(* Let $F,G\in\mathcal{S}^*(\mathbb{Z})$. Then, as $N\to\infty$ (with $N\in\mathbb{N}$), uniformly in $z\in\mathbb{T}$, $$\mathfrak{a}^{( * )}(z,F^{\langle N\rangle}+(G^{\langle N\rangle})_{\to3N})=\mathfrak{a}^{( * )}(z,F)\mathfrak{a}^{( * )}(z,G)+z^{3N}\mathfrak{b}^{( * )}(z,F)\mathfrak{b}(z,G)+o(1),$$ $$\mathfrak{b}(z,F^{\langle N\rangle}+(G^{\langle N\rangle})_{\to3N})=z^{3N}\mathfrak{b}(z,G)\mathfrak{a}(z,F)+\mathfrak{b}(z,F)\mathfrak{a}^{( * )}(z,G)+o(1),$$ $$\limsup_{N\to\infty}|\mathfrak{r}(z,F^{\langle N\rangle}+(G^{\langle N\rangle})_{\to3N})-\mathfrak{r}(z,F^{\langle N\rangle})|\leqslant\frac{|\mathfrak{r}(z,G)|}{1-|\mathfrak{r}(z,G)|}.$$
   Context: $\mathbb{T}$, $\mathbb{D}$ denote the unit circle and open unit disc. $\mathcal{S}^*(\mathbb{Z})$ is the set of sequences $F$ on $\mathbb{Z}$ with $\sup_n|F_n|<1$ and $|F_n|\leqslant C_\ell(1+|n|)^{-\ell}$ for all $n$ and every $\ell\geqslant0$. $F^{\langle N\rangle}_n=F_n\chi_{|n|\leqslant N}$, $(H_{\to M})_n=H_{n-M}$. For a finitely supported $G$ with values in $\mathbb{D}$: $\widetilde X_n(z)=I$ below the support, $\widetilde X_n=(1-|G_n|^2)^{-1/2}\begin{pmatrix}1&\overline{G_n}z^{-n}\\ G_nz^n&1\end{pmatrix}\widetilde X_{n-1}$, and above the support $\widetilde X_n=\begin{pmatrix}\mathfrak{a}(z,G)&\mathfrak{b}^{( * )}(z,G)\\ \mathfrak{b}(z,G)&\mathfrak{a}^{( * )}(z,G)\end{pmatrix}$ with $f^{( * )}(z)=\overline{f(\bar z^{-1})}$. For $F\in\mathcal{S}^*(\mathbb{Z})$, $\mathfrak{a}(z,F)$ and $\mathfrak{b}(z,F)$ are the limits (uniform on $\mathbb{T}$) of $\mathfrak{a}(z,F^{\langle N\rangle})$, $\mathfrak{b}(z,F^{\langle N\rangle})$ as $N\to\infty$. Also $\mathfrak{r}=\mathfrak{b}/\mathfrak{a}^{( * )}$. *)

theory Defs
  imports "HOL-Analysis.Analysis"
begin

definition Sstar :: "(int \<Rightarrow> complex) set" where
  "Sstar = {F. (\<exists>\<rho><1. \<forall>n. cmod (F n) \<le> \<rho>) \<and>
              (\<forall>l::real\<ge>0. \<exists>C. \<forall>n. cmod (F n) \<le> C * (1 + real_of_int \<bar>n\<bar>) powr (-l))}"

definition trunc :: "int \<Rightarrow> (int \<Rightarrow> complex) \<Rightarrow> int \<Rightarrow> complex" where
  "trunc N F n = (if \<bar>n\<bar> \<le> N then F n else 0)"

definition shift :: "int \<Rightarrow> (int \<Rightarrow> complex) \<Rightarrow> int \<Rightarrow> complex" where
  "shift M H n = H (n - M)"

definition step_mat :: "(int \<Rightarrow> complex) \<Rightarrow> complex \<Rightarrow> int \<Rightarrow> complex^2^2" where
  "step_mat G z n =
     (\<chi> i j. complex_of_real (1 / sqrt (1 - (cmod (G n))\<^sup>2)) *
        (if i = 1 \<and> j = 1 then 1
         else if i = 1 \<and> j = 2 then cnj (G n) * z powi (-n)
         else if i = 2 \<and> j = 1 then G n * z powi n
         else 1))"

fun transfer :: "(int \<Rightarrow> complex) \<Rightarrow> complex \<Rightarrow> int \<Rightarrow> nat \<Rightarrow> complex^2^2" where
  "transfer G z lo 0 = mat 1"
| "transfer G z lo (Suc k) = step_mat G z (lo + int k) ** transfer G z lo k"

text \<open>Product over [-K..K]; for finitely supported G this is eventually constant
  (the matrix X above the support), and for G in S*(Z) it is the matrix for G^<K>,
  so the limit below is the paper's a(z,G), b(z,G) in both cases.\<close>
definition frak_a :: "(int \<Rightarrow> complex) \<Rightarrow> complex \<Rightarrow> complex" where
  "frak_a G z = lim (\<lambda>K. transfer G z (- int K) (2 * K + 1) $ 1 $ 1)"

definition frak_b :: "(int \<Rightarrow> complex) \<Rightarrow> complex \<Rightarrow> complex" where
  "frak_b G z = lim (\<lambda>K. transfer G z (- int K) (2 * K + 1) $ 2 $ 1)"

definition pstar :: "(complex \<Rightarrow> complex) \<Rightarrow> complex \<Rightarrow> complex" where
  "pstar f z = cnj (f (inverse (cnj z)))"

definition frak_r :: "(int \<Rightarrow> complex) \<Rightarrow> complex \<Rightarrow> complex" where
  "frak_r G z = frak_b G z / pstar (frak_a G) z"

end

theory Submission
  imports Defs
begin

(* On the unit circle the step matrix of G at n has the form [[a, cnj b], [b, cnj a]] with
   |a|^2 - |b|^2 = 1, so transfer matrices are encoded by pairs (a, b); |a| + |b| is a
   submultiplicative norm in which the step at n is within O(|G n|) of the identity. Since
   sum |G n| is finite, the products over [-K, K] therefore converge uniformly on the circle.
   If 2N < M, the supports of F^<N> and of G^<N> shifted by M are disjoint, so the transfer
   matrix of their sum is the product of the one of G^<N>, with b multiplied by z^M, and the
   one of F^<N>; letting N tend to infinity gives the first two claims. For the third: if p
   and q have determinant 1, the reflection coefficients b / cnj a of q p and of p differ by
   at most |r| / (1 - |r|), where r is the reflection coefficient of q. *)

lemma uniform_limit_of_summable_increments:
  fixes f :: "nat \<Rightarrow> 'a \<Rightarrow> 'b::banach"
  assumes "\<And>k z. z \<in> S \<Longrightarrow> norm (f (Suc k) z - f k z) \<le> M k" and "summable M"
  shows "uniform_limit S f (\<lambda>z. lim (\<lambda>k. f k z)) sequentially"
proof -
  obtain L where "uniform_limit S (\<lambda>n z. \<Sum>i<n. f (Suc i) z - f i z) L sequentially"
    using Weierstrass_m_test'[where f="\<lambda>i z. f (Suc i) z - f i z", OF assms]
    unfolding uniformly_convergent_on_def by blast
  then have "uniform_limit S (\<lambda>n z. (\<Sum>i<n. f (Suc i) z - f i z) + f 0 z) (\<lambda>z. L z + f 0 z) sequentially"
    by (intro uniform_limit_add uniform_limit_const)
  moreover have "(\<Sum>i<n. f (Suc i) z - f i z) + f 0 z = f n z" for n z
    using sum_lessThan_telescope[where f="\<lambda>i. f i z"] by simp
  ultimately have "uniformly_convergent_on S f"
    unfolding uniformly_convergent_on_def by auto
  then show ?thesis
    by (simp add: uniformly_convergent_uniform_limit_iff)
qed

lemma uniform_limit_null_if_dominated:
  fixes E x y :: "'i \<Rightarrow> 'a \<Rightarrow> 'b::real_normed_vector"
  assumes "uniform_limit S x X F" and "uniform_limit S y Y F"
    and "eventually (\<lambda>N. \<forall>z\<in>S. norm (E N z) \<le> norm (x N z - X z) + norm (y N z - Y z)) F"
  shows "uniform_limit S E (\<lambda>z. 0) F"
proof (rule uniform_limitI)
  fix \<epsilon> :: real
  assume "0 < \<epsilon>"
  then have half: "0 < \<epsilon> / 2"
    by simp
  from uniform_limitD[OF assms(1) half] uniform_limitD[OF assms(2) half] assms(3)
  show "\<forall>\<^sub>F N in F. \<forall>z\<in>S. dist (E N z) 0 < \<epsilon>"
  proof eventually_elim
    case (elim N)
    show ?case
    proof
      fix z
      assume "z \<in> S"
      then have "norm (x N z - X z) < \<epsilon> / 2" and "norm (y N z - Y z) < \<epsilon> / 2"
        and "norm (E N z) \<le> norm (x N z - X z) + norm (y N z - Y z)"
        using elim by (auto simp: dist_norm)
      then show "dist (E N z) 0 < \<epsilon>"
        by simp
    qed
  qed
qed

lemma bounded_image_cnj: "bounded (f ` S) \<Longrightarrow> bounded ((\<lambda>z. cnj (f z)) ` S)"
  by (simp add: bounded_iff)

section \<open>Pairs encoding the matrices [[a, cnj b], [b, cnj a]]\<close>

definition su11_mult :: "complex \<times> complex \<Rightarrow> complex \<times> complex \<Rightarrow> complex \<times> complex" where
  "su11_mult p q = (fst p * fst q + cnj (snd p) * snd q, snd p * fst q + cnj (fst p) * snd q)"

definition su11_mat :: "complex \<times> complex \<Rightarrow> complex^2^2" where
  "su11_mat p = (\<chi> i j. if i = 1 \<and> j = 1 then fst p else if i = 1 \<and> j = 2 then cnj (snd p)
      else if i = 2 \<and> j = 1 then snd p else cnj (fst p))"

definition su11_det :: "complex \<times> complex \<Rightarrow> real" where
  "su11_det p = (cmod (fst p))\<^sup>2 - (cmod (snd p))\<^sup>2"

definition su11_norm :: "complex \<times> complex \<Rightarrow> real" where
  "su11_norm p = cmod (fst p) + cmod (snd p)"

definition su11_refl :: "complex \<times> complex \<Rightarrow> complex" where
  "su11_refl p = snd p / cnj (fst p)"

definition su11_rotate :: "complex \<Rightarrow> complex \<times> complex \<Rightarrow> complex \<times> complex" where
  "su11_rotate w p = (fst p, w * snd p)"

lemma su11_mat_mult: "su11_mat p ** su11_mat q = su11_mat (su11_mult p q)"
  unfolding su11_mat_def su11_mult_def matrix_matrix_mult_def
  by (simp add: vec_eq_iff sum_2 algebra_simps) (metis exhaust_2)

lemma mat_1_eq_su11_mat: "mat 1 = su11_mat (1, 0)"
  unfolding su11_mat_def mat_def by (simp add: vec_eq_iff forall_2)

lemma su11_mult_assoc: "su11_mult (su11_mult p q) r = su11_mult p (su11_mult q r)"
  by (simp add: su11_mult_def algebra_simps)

• WHAT TO PRODUCE
Once the line with "n) \<le> \<rho>) \<and>" is found in the records above, print exactly that line and every line after it through the line with "z powi (-n)".

• SOLUTION
  "Sstar = {F. (\<exists>\<rho><1. \<forall>n. cmod (F n) \<le> \<rho>) \<and>
              (\<forall>l::real\<ge>0. \<exists>C. \<forall>n. cmod (F n) \<le> C * (1 + real_of_int \<bar>n\<bar>) powr (-l))}"

definition trunc :: "int \<Rightarrow> (int \<Rightarrow> complex) \<Rightarrow> int \<Rightarrow> complex" where
  "trunc N F n = (if \<bar>n\<bar> \<le> N then F n else 0)"

definition shift :: "int \<Rightarrow> (int \<Rightarrow> complex) \<Rightarrow> int \<Rightarrow> complex" where
  "shift M H n = H (n - M)"

definition step_mat :: "(int \<Rightarrow> complex) \<Rightarrow> complex \<Rightarrow> int \<Rightarrow> complex^2^2" where
  "step_mat G z n =
     (\<chi> i j. complex_of_real (1 / sqrt (1 - (cmod (G n))\<^sup>2)) *
        (if i = 1 \<and> j = 1 then 1
         else if i = 1 \<and> j = 2 then cnj (G n) * z powi (-n)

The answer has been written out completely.